Work task | What lines below contain the word "Longrightarrow"? Please pull each one out.

Study material |
lemma arc_items_eq_arcs: "{q. \<exists>x\<in>V. arc_item x = Some q} = arcs E (S L)"
proof
  show "{q. \<exists>x\<in>V. arc_item x = Some q} \<subseteq> arcs E (S L)"
  proof
    fix q assume "q \<in> {q. \<exists>x\<in>V. arc_item x = Some q}"
    then obtain x where x: "x \<in> V" "arc_item x = Some q" by blast
    then obtain v where v: "v \<in> V" "in_block v x" "q = (v, block_nbr v x)" using arc_item_SomeD by blast
    show "q \<in> arcs E (S L)" using v in_block_core[OF v(2)] block_nbr_in[OF v(2)] unfolding arcs_def by simp
  qed
next
  show "arcs E (S L) \<subseteq> {q. \<exists>x\<in>V. arc_item x = Some q}"
  proof
    fix q assume q: "q \<in> arcs E (S L)"
    obtain v w where ow: "q = (v, w)" by (cases q)
    have v: "v \<in> S L" and w: "w \<in> nbrs E v \<inter> S L" using q ow unfolding arcs_def by auto
    have vV: "v \<in> V" using v core_subset by blast
    have fN: "finite (nbrs E v \<inter> S L)" using finite_nbrs[OF sg] by simp
    let ?i = "set_rank (nbrs E v \<inter> S L) w"
    have i: "?i < core_deg v" using set_rank_less_card[OF fN w] v unfolding core_deg_def by simp
    let ?p = "offset v + ?i"
    have p: "?p < card V" using offset_add_deg_le_total[OF vV] total_deg_le i by linarith
    let ?x = "nth_elem V ?p"
    have x: "?x \<in> V" "set_rank V ?x = ?p" using nth_elem_spec[OF finite_V p] by auto
    have ib: "in_block v ?x" unfolding in_block_def using x i by simp
    have "block_nbr v ?x = w" unfolding block_nbr_def using x(2) nth_elem_set_rank[OF fN w] by simp
    then have "arc_item ?x = Some q" using arc_item_eq[OF x(1) vV ib] ow by simp
    then show "q \<in> {q. \<exists>x\<in>V. arc_item x = Some q}" using x(1) by blast
  qed
qed

abbreviation "Iv \<equiv> local_inp V E a"
abbreviation H :: "nat \<Rightarrow> nat \<Rightarrow> history" where "H r v \<equiv> hist (msg_alg k L) Iv V r v"

lemma length_H[simp]: "length (H r v) = r" by (rule length_hist)

lemma nth_H: "j < r \<Longrightarrow> u \<in> V \<Longrightarrow> u \<noteq> v \<Longrightarrow> (H r v ! j) u = msg_alg k L (Iv u) (H j u) v"
  using nth_hist[of j r "msg_alg k L" Iv V v] by simp

lemma msg_alg_less: "msg_alg k L (Iv u) h x < card V ^ (2 * k + 2)"
  using card_V_ge_2 unfolding msg_alg_def by simp

lemma msg_alg_eq: "msg_raw k L (Iv u) h x < card V ^ (2 * k + 2) \<Longrightarrow> msg_alg k L (Iv u) h x = msg_raw k L (Iv u) h x"
  unfolding msg_alg_def by simp

lemma received_msg:
  assumes "j < r" "u \<in> V" "u \<noteq> v" "msg_raw k L (Iv u) (H j u) v = m" "m \<le> B * B"
  shows "(H r v ! j) u = m"
  using nth_H[OF assms(1-3)] msg_alg_eq assms(4) le_less_trans[OF assms(5) B_sq_less] by simp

Task result |
lemma nth_H: "j < r \<Longrightarrow> u \<in> V \<Longrightarrow> u \<noteq> v \<Longrightarrow> (H r v ! j) u = msg_alg k L (Iv u) (H j u) v"
lemma msg_alg_eq: "msg_raw k L (Iv u) h x < card V ^ (2 * k + 2) \<Longrightarrow> msg_alg k L (Iv u) h x = msg_raw k L (Iv u) h x"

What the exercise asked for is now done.